Contoh percakapan (3) Nama : Dila, Usia : 4 Tahun
Peneliti : Dila lagi apa ?
(29) Dila : Lagi tulis (sedang menulis).
Peneliti : Habis ini Dila mau ngapain?
(30) Dila : Makan
Peneliti : Dila pulang sekolah ngapain?
Peneliti : Kalau di sekolah miss ngapain ya?
(32) Dila : Belajar
Peneliti : Kalau Dila di sekolah itu belajar, tapi ibu guru mengajari
Dila supaya pintar, gitu ya nak. (sambil mengelus kepala)
Peneliti : Dila pernah nangis di rumah?
(33) Dila : Nangis (menangis)
Peneliti : Kalau Dila nangis diapain sama bunda?
(34) Dila : Cubit
Peneliti : Dila mau nangis lagi, nak?
(35) Dila : Gak, nanti cubit Bunda.
Peneliti : Pintar, Dila janji ya (sambil menyalam anak)

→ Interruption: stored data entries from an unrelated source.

(* Let $1<p<\infty$, let $K\ge2$, and let $(X,d,\mu)$ be a $K$-regular tree as described in the context, with sets $E_n,F_n$ as defined there. Then the sequence $\{\mathrm{Cap}_p(E_n,F_n)\}_{n=1}^\infty$ is non-increasing and there exists a constant $0<M_1<\infty$ such that $\mathrm{Cap}_p(E_n,F_n)\le M_1$ for all $n\in\mathbb{N}$.
   Context: A $K$-regular tree is a rooted tree (root $0$) in which every vertex has exactly $K$ children; $X$ is the union of its vertices and edges, each edge an isometric copy of $[0,1]$. $|x|$ is the graph distance from $0$ to $x$, $[y,z]$ the unique geodesic between $y,z$. Let $\lambda,\mu:[0,\infty)\to(0,\infty)$ be locally integrable with $\lambda^p\mu^{-1}\in L^{1/(p-1)}_{\mathrm{loc}}([0,\infty))$; $d\mu(x)=\mu(|x|)\,d|x|$, $d(y,z)=\int_{[y,z]}\lambda(|x|)\,d|x|$ ($d|x|$ gives each edge Lebesgue measure $1$), $ds=\lambda(|x|)\,d|x|$. $X^n=\{x:|x|\le n\}$. An upper gradient of $u$ is a Borel $g\ge0$ with $|u(y)-u(z)|\le\int_{[y,z]}g\,ds$ for all $y,z$; $g_u$ is the minimal upper gradient; $N^{1,p}_{\mathrm{loc}}(X)$ is the space of $u\in L^p_{\mathrm{loc}}(X)$ with an upper gradient in $L^p_{\mathrm{loc}}(X)$. Let $x_0$ be a vertex adjacent to the root $0$ (a child of $0$), $T_{x_0}=\{y\in X:x_0\in[0,y]\}$, $T_1=[0,x_0]\cup T_{x_0}$, and for $n\in\mathbb{N}$, $E_n=(X\setminus X^n)\cap T_1$, $F_n=(X\setminus X^n)\setminus T_1$. Define $\mathrm{Cap}_p(E_n,F_n)=\inf\{\int_Xg_u^p\,d\mu:u\in N^{1,p}_{\mathrm{loc}}(X),\ u\equiv1\text{ on }E_n,\ u\equiv0\text{ on }F_n,\ 0\le u\le1\}$. *)

theory Defs
  imports "HOL-Analysis.Analysis" "HOL-Library.Sublist"
begin

text \<open>Vertices are finite words over {0..K-1}; the root is the empty word.
  A non-root point is a pair (v,t) with v a non-root vertex and 0 < t \<le> 1:
  it is the point of the edge from the parent of v (= butlast v) to v at
  graph distance t from the parent.\<close>

definition verts :: "nat \<Rightarrow> nat list set" where
  "verts K = {v. \<forall>a\<in>set v. a < K}"

definition pts :: "nat \<Rightarrow> (nat list \<times> real) set" where
  "pts K = {([], 0)} \<union> {(v, t). v \<in> verts K \<and> v \<noteq> [] \<and> 0 < t \<and> t \<le> 1}"

definition dist0 :: "nat list \<times> real \<Rightarrow> real" where
  "dist0 x = (if fst x = [] then 0 else real (length (fst x)) - 1 + snd x)"

definition seg0 :: "nat list \<times> real \<Rightarrow> (nat list \<times> real) set" where
  "seg0 y = {([], 0)}
     \<union> {(w, s). w \<noteq> [] \<and> strict_prefix w (fst y) \<and> 0 < s \<and> s \<le> 1}
     \<union> {(w, s). w \<noteq> [] \<and> w = fst y \<and> 0 < s \<and> s \<le> snd y}"

text \<open>The branching point of [0,y] and [0,z] (the point of [0,y] \<inter> [0,z] farthest from 0).\<close>
definition meet :: "nat list \<times> real \<Rightarrow> nat list \<times> real \<Rightarrow> nat list \<times> real" where
  "meet y z = (if y \<in> seg0 z then y else if z \<in> seg0 y then z
     else (let c = longest_common_prefix (fst y) (fst z) in
           if c = [] then ([], 0) else (c, 1)))"

definition geo :: "nat list \<times> real \<Rightarrow> nat list \<times> real \<Rightarrow> (nat list \<times> real) set" where
  "geo y z = (seg0 y - seg0 z) \<union> (seg0 z - seg0 y) \<union> {meet y z}"

text \<open>With w = mu this is the integral w.r.t. d mu,
  with w = lambda (and f multiplied by an indicator of a geodesic) the line integral w.r.t. ds.\<close>
definition eint :: "(real \<Rightarrow> real) \<Rightarrow> nat \<Rightarrow> (nat list \<times> real \<Rightarrow> ennreal) \<Rightarrow> ennreal" where
  "eint w K f = (\<integral>\<^sup>+ v. (\<integral>\<^sup>+ t. f (v, t) * ennreal (w (dist0 (v, t))) * indicator {0<..1} t \<partial>lborel)
                   \<partial>count_space (verts K - {[]}))"

definition epow :: "ennreal \<Rightarrow> real \<Rightarrow> ennreal" where
  "epow x p = (if x = \<infinity> then \<infinity> else ennreal (enn2real x powr p))"

definition borel_on_tree :: "(nat list \<times> real \<Rightarrow> 'b::topological_space) \<Rightarrow> bool" where
  "borel_on_tree f = (\<forall>v. (\<lambda>t. f (v, t)) \<in> borel_measurable borel)"

definition upper_gradient ::
  "nat \<Rightarrow> (real \<Rightarrow> real) \<Rightarrow> (nat list \<times> real \<Rightarrow> real) \<Rightarrow> (nat list \<times> real \<Rightarrow> ennreal) \<Rightarrow> bool" where
  "upper_gradient K lam u g =
     (borel_on_tree g \<and>
      (\<forall>y\<in>pts K. \<forall>z\<in>pts K. ennreal \<bar>u y - u z\<bar> \<le> eint lam K (\<lambda>x. g x * indicator (geo y z) x)))"

definition Xn :: "nat \<Rightarrow> nat \<Rightarrow> (nat list \<times> real) set" where
  "Xn K n = {x \<in> pts K. dist0 x \<le> real n}"

text \<open>L^p_loc (every compact set of X lies in some X^n).\<close>
definition Lploc :: "nat \<Rightarrow> (real \<Rightarrow> real) \<Rightarrow> real \<Rightarrow> (nat list \<times> real \<Rightarrow> ennreal) \<Rightarrow> bool" where
  "Lploc K mu p f = (\<forall>n. eint mu K (\<lambda>x. epow (f x) p * indicator (Xn K n) x) < \<infinity>)"

definition N1ploc :: "nat \<Rightarrow> (real \<Rightarrow> real) \<Rightarrow> (real \<Rightarrow> real) \<Rightarrow> real \<Rightarrow> (nat list \<times> real \<Rightarrow> real) \<Rightarrow> bool" where
  "N1ploc K lam mu p u =
     (borel_on_tree u \<and> Lploc K mu p (\<lambda>x. ennreal \<bar>u x\<bar>) \<and>
      (\<exists>g. upper_gradient K lam u g \<and> Lploc K mu p g))"

text \<open>Capacity: the integral of g_u^p equals the infimum of the integrals of g^p over
  upper gradients g of u, so the infimum is taken jointly over u and its upper gradients.\<close>
definition Cap :: "nat \<Rightarrow> (real \<Rightarrow> real) \<Rightarrow> (real \<Rightarrow> real) \<Rightarrow> real
                   \<Rightarrow> (nat list \<times> real) set \<Rightarrow> (nat list \<times> real) set \<Rightarrow> ennreal" where
  "Cap K lam mu p E F =
     (INF ug \<in> {(u, g). N1ploc K lam mu p u \<and> upper_gradient K lam u g \<and>
                      (\<forall>x\<in>E. u x = 1) \<and> (\<forall>x\<in>F. u x = 0) \<and>
                      (\<forall>x\<in>pts K. 0 \<le> u x \<and> u x \<le> 1)}.
        eint mu K (\<lambda>x. epow (snd ug x) p))"

text \<open>T_1 = [0,x0] \<union> T_{x0} for the child x0 = [i] of the root.\<close>
definition T1 :: "nat \<Rightarrow> nat \<Rightarrow> (nat list \<times> real) set" where
  "T1 K i = {x \<in> pts K. fst x = [] \<or> hd (fst x) = i}"

definition En :: "nat \<Rightarrow> nat \<Rightarrow> nat \<Rightarrow> (nat list \<times> real) set" where
  "En K i n = (pts K - Xn K n) \<inter> T1 K i"

definition Fn :: "nat \<Rightarrow> nat \<Rightarrow> nat \<Rightarrow> (nat list \<times> real) set" where
  "Fn K i n = (pts K - Xn K n) - T1 K i"

end

theory Submission
  imports Defs
begin

(*
  Enlarging E or F only adds constraints, so Cap is monotone in the pair (E,F); as E_(n+1) and F_(n+1)
  are contained in E_n and F_n, the capacities decrease. For the bound, one test function serves
  every n >= 1: the potential that rises from 0 to 1 along the edge [0,x0] proportionally to
  lambda-length, equals 1 on T_x0 and 0 off T_1. Its upper gradient is the constant 1/Lambda on
  that edge (Lambda the lambda-length of the edge) and vanishes elsewhere; being bounded and
  supported in X^1, it has finite p-energy.
*)

lemma set_integrable_nn_integral_finite:
  assumes "set_integrable M A f" "B \<subseteq> A"
  shows "(\<integral>\<^sup>+t. ennreal (f t) * indicator B t \<partial>M) < \<infinity>"
proof -
  have "(\<integral>\<^sup>+t. ennreal (f t) * indicator B t \<partial>M) \<le> (\<integral>\<^sup>+t. ennreal (norm (indicator A t *\<^sub>R f t)) \<partial>M)"
    using assms(2) by (intro nn_integral_mono) (auto simp: indicator_def)
  also have "\<dots> < \<infinity>"
    using assms(1) by (simp add: set_integrable_def integrable_iff_bounded)
  finally show ?thesis .
qed

lemma set_integrable_nn_integrand_measurable:
  fixes f :: "'a \<Rightarrow> real"
  assumes "set_integrable M A f" "B \<subseteq> A" "B \<in> sets M"
  shows "(\<lambda>t. ennreal (f t) * indicator B t) \<in> borel_measurable M"
proof -
  have "(\<lambda>t. indicator A t *\<^sub>R f t) \<in> borel_measurable M"
    using assms(1) by (simp add: set_integrable_def)
  moreover have "(\<lambda>t. ennreal (f t) * indicator B t) = (\<lambda>t. ennreal (indicator A t *\<^sub>R f t) * indicator B t)"
    using assms(2) by (auto simp: indicator_def fun_eq_iff)
  ultimately show ?thesis using assms(3) by simp
qed

definition arclen :: "(real \<Rightarrow> real) \<Rightarrow> real \<Rightarrow> real" where
  "arclen lam x = enn2real (\<integral>\<^sup>+t. ennreal (lam t) * indicator {0<..x} t \<partial>lborel)"

lemma arclen_nonpos: "x \<le> 0 \<Longrightarrow> arclen lam x = 0"
  unfolding arclen_def by simp

lemma arclen_nonneg: "0 \<le> arclen lam x"
  unfolding arclen_def by simp

lemma arclen_diff:
  assumes lam: "set_integrable lborel {0..1} lam" and "0 \<le> a" "a \<le> b" "b \<le> 1"
  shows "ennreal (arclen lam b - arclen lam a) = (\<integral>\<^sup>+t. ennreal (lam t) * indicator {a<..b} t \<partial>lborel)"
proof -
  let ?I = "\<lambda>S. \<integral>\<^sup>+t. ennreal (lam t) * indicator S t \<partial>lborel"
  have "?I {0<..b} = (\<integral>\<^sup>+t. ennreal (lam t) * indicator {0<..a} t + ennreal (lam t) * indicator {a<..b} t \<partial>lborel)"
    using assms by (intro nn_integral_cong) (auto simp: indicator_def)
  also have "\<dots> = ?I {0<..a} + ?I {a<..b}"
    using assms by (intro nn_integral_add set_integrable_nn_integrand_measurable[OF lam]) auto
  finally have "?I {0<..b} = ?I {0<..a} + ?I {a<..b}" .
  moreover have "?I {0<..a} < \<infinity>" "?I {a<..b} < \<infinity>"
    using assms by (intro set_integrable_nn_integral_finite[OF lam]; auto)+
  ultimately show ?thesis
    unfolding arclen_def using assms
    by (simp add: enn2real_plus ennreal_enn2real_if less_top)
qed

lemma arclen_mono:
  assumes lam: "set_integrable lborel {0..1} lam" and "a \<le> b" "b \<le> 1"
  shows "arclen lam a \<le> arclen lam b"
  unfolding arclen_def
proof (rule enn2real_mono)
  show "(\<integral>\<^sup>+t. ennreal (lam t) * indicator {0<..a} t \<partial>lborel) \<le> (\<integral>\<^sup>+t. ennreal (lam t) * indicator {0<..b} t \<partial>lborel)"
    using assms by (intro nn_integral_mono) (auto simp: indicator_def)
  have "{0<..b} \<subseteq> {0..1}"
    using assms by auto
  then show "(\<integral>\<^sup>+t. ennreal (lam t) * indicator {0<..b} t \<partial>lborel) < top"
    using set_integrable_nn_integral_finite[OF lam] by simp
qed

lemma arclen_pos:
  assumes lam: "set_integrable lborel {0..1} lam" and pos: "\<forall>r\<ge>0. 0 < lam r"
  shows "0 < arclen lam 1"
proof -
  let ?f = "\<lambda>t. ennreal (lam t) * indicator {0<..1} t"
  have sub: "{0<..1::real} \<subseteq> {0..1}"
    by auto
  have "{t \<in> space lborel. ?f t \<noteq> 0} = {0<..1}"
    using pos by (auto simp: indicator_def ennreal_eq_0_iff not_le less_imp_le)
  moreover have "?f \<in> borel_measurable lborel"
    using set_integrable_nn_integrand_measurable[OF lam sub] by simp
  ultimately have "(\<integral>\<^sup>+t. ?f t \<partial>lborel) \<noteq> 0"
    by (subst nn_integral_0_iff) auto
  then show ?thesis
    using set_integrable_nn_integral_finite[OF lam sub]
    unfolding arclen_def by (simp add: enn2real_positive_iff less_top[symmetric] zero_less_iff_neq_zero)
qed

Dari data (29) sampai (35) menunjukkan bahwa anak sudah dapat
memeroleh kosakata dasar kata kerja, kosa kata yang dikuasai anak merupakan
kosa kata yang sering dilakukannya, misalnyaduduk, pergi, makan, tulis, nonton,
belajar, nangis, dan cubit.
Percakapan ini dilakukan antara peneliti dan Dila yang sedang berada
didalam ruang kelas. Dila sedang mengerjakan tugas yang diberikan oleh gurunya
dan peneliti menanyakan aktivitas Dila setelah pulang sekolah. Dila mampu
mengucapkan kosa kata dasar kerja dengan benar, menunjukkan aktivitas yang
dilakukan di sekolah (belajar) dan aktivitas di rumah (nonton).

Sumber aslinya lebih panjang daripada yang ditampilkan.